Collected data
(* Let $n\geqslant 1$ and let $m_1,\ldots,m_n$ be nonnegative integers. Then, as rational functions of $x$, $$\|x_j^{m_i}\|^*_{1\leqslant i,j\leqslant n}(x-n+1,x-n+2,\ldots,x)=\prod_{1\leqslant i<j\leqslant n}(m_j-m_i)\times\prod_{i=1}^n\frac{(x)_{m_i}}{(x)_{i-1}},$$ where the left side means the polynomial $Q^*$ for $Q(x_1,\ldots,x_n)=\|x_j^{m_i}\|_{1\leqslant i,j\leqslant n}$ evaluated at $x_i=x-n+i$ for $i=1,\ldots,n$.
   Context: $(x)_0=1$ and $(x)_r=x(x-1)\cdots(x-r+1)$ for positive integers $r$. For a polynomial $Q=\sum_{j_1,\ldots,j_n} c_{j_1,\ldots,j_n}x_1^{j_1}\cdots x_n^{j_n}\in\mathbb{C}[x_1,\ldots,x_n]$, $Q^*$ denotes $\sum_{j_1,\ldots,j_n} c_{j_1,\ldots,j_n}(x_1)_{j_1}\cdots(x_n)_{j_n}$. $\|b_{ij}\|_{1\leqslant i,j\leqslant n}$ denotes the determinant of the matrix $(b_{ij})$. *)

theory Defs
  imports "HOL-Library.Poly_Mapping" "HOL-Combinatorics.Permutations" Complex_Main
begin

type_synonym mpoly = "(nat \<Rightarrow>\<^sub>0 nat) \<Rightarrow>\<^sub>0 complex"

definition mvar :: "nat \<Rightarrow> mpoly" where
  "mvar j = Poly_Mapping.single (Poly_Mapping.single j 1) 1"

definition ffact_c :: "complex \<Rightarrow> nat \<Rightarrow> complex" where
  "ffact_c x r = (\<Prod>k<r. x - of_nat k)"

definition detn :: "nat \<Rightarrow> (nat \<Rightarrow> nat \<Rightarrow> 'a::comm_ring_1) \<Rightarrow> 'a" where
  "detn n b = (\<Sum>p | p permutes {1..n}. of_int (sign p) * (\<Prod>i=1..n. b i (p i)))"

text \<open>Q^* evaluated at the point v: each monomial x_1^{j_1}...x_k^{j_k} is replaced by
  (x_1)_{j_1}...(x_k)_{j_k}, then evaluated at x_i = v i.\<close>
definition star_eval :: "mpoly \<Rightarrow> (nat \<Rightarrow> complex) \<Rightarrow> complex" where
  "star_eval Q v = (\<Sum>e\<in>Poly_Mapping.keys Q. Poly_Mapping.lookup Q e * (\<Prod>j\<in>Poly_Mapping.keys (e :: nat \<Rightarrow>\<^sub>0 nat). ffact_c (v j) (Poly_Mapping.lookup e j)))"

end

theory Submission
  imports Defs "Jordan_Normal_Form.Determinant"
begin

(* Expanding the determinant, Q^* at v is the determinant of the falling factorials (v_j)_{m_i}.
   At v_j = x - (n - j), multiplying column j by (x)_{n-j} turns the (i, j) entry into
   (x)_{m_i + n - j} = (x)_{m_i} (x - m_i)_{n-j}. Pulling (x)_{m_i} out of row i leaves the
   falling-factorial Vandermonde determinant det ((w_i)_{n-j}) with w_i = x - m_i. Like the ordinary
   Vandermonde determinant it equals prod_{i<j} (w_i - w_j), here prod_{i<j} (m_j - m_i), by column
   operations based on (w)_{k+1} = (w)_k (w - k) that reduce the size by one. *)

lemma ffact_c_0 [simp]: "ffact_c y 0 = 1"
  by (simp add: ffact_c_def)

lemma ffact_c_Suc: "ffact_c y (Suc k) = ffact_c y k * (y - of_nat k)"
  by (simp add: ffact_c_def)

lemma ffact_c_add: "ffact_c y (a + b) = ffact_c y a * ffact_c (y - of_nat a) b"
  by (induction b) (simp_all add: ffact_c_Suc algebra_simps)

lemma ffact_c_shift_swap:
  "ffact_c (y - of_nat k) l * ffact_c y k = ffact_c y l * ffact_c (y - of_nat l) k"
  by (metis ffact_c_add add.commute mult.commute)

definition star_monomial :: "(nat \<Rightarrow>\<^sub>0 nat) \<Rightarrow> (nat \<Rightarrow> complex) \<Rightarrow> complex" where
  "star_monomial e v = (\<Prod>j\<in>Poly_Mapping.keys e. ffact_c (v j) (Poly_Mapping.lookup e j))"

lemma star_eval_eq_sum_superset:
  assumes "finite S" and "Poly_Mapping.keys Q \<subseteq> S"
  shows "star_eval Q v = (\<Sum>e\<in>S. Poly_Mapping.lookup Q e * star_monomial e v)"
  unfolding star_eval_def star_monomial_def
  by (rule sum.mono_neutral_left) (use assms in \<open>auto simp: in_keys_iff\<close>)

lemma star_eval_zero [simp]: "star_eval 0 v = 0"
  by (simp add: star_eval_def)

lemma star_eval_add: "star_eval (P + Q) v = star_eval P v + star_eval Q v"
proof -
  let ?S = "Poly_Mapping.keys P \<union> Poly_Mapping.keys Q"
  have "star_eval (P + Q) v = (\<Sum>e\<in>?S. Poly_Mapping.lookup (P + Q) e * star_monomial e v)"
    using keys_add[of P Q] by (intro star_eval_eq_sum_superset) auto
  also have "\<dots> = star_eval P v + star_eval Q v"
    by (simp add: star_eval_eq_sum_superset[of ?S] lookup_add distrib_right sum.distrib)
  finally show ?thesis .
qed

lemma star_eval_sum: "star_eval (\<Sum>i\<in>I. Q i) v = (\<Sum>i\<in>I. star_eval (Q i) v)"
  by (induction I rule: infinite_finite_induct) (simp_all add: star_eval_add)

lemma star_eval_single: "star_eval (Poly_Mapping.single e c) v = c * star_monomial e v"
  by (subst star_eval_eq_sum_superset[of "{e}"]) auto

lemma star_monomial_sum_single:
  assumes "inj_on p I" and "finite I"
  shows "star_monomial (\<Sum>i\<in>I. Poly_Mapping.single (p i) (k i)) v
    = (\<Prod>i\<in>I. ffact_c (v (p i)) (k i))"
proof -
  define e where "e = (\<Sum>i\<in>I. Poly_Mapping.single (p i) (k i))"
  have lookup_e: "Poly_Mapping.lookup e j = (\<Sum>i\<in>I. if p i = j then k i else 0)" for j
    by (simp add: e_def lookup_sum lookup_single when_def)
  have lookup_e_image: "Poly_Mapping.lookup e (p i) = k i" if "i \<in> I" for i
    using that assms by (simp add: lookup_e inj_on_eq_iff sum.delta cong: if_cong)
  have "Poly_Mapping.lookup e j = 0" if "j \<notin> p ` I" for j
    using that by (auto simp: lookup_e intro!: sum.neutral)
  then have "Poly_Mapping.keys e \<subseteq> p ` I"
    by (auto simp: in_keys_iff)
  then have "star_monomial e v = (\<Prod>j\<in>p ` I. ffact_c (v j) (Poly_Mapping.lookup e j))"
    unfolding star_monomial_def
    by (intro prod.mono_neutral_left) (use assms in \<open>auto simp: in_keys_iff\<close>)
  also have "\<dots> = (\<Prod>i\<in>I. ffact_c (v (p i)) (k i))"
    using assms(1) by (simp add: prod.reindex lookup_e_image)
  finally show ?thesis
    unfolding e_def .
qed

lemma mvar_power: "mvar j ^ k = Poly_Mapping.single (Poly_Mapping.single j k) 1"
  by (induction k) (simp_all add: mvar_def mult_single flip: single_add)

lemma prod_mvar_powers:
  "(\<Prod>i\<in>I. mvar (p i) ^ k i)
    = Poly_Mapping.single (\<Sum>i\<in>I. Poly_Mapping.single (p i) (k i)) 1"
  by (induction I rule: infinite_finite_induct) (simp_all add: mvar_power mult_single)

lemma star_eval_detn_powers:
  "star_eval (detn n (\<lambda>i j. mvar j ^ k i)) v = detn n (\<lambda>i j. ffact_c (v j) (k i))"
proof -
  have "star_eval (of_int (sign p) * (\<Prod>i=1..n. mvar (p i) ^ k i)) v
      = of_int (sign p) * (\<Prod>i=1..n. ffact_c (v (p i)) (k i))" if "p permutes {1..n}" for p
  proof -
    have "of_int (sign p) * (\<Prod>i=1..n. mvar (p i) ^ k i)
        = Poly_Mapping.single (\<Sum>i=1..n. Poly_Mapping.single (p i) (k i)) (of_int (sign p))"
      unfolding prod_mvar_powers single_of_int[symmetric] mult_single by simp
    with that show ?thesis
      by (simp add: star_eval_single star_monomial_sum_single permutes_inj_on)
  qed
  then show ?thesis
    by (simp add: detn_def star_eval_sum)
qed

■ PROBLEM REQUIREMENTS ■
Every line in the records above that contains the word "Vandermonde" should be copied out.

■ THE ANSWER ■
   falling-factorial Vandermonde determinant det ((w_i)_{n-j}) with w_i = x - m_i. Like the ordinary
   Vandermonde determinant it equals prod_{i<j} (w_i - w_j), here prod_{i<j} (m_j - m_i), by column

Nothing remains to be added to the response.